Data provided:
########

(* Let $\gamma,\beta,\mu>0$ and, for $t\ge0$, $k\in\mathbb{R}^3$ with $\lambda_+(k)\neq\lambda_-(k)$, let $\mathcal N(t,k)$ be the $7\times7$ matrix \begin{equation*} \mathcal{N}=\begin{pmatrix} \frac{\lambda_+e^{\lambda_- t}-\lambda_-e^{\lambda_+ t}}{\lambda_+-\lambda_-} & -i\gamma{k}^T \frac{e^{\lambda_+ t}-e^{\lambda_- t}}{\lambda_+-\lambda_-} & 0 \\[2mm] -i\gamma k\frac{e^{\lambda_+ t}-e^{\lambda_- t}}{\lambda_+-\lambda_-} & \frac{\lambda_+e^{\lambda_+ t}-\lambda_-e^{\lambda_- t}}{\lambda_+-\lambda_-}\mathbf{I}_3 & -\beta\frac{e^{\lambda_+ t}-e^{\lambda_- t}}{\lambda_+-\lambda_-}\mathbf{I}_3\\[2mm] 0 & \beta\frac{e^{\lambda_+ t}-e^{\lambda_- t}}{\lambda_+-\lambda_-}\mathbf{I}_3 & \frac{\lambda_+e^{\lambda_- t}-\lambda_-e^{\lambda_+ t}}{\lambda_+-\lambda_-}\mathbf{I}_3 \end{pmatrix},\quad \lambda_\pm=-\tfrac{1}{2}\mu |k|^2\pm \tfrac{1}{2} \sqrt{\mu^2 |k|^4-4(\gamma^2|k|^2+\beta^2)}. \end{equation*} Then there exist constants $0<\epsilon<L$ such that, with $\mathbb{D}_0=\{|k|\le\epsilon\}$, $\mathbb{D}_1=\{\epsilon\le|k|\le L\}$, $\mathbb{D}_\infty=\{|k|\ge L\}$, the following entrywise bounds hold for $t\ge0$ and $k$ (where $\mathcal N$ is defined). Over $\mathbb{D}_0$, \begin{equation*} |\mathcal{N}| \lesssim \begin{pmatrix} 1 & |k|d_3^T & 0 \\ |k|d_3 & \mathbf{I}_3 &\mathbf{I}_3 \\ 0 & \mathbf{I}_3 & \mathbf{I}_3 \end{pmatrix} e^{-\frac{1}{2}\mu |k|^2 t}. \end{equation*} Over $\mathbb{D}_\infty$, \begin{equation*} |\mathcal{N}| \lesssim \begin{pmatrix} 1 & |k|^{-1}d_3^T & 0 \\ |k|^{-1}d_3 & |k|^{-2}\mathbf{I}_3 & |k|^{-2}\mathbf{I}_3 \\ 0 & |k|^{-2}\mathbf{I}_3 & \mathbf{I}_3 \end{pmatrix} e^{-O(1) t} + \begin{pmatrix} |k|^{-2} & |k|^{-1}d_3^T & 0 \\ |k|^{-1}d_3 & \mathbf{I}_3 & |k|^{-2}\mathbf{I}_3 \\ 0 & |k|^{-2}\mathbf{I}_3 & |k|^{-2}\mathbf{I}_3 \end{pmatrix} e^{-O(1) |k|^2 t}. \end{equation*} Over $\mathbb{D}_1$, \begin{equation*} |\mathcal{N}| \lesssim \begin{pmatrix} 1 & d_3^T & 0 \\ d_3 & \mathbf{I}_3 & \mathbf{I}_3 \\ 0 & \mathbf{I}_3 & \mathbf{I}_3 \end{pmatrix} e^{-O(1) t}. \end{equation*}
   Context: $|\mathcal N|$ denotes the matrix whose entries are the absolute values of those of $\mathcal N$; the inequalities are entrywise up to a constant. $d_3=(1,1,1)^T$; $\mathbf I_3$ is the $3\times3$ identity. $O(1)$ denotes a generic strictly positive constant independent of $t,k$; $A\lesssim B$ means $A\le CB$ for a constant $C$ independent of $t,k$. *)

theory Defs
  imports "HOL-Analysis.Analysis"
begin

########

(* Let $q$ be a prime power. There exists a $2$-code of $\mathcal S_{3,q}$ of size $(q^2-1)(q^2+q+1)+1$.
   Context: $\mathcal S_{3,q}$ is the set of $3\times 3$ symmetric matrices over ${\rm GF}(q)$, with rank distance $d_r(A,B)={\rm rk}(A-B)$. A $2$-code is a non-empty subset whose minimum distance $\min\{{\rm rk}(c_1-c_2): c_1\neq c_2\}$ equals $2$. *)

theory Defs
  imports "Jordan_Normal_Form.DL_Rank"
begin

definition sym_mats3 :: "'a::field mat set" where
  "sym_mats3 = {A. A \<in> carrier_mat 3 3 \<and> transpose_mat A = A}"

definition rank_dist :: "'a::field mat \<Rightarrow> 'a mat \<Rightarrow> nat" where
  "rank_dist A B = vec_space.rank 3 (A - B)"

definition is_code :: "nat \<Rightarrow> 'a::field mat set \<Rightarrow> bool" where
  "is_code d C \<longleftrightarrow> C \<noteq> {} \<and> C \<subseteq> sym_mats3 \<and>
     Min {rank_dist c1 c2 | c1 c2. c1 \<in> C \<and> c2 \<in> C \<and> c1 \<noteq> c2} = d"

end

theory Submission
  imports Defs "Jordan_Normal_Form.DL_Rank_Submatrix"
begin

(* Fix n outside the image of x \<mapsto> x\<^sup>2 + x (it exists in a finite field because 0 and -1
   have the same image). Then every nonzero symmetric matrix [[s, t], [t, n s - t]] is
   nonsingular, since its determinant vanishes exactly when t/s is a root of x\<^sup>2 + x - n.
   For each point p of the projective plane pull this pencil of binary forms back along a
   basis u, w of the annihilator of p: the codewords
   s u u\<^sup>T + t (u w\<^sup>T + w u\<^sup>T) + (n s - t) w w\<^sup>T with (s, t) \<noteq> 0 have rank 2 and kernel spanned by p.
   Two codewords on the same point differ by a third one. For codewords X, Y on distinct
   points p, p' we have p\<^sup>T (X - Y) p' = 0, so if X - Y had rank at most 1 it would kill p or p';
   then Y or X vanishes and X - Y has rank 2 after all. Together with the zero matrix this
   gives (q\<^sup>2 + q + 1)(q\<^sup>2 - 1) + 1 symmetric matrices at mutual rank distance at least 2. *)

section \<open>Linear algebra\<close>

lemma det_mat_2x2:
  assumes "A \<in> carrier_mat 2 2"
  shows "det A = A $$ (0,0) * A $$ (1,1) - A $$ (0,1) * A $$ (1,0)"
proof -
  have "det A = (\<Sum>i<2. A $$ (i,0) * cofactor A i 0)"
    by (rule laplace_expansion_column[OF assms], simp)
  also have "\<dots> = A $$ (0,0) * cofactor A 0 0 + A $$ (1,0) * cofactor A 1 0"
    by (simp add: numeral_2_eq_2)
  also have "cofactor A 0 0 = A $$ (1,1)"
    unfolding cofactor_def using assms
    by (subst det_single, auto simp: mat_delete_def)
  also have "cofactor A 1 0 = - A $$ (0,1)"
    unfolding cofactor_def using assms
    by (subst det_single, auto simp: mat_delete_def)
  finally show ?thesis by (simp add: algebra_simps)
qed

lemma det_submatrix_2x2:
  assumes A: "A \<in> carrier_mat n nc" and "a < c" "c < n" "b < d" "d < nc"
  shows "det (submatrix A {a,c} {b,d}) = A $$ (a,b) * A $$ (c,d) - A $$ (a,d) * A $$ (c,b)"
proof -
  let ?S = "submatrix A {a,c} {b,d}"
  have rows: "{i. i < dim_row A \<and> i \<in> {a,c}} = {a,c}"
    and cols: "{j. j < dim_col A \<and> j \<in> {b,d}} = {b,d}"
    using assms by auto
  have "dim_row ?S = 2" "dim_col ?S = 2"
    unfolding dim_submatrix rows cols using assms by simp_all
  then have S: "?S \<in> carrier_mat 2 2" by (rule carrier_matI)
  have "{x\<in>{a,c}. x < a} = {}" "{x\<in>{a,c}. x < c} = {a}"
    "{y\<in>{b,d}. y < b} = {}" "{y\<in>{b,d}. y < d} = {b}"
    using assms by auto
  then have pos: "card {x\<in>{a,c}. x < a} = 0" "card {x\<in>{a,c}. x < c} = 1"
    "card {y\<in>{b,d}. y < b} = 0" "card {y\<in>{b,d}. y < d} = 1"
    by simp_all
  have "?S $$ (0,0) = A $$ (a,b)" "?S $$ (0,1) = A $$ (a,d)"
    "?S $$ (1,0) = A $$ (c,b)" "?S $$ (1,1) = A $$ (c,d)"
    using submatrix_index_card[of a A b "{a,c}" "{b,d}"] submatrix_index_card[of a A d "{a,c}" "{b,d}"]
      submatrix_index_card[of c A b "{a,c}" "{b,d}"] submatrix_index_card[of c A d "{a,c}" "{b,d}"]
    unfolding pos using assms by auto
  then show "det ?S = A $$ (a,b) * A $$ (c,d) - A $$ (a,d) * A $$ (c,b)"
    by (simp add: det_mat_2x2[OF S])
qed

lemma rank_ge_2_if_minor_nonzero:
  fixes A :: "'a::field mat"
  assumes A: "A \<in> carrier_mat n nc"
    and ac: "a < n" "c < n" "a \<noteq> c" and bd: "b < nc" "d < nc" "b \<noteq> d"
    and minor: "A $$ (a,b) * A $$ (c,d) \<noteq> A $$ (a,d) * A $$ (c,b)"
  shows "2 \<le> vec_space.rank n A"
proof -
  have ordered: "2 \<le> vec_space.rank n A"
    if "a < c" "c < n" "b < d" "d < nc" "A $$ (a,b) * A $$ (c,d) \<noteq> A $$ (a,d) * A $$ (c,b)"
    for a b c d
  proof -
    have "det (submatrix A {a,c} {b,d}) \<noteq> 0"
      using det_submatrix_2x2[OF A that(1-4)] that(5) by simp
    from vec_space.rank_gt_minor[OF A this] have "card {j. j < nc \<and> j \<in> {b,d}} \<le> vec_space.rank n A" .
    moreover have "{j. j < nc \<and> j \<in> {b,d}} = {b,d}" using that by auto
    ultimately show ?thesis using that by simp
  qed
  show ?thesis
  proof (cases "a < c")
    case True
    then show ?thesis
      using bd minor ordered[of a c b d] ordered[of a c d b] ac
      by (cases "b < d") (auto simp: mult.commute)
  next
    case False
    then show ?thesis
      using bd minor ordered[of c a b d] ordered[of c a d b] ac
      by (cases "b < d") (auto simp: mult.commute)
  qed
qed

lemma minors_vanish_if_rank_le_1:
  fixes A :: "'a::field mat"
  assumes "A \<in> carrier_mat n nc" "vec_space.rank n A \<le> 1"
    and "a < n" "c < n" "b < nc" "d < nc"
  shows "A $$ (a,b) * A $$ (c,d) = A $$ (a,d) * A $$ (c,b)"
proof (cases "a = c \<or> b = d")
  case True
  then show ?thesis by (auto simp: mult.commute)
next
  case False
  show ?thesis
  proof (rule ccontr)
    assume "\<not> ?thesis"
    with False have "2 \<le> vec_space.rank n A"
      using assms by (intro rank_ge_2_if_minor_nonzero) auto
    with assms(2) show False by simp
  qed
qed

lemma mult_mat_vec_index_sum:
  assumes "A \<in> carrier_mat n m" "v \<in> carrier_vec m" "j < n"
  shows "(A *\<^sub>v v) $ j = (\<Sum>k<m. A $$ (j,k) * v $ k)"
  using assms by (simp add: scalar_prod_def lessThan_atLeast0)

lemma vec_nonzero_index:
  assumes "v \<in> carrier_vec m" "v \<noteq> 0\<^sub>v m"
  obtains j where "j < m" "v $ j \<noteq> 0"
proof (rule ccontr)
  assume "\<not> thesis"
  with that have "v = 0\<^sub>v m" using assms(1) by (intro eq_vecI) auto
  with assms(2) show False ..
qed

########

Exercise description: Copy each line of the listing that carries the string "noteq".

Task output:
  "is_code d C \<longleftrightarrow> C \<noteq> {} \<and> C \<subseteq> sym_mats3 \<and>
     Min {rank_dist c1 c2 | c1 c2. c1 \<in> C \<and> c2 \<in> C \<and> c1 \<noteq> c2} = d"
   s u u\<^sup>T + t (u w\<^sup>T + w u\<^sup>T) + (n s - t) w w\<^sup>T with (s, t) \<noteq> 0 have rank 2 and kernel spanned by p.
    and ac: "a < n" "c < n" "a \<noteq> c" and bd: "b < nc" "d < nc" "b \<noteq> d"
    and minor: "A $$ (a,b) * A $$ (c,d) \<noteq> A $$ (a,d) * A $$ (c,b)"
    if "a < c" "c < n" "b < d" "d < nc" "A $$ (a,b) * A $$ (c,d) \<noteq> A $$ (a,d) * A $$ (c,b)"
    have "det (submatrix A {a,c} {b,d}) \<noteq> 0"
  assumes "v \<in> carrier_vec m" "v \<noteq> 0\<^sub>v m"
  obtains j where "j < m" "v $ j \<noteq> 0"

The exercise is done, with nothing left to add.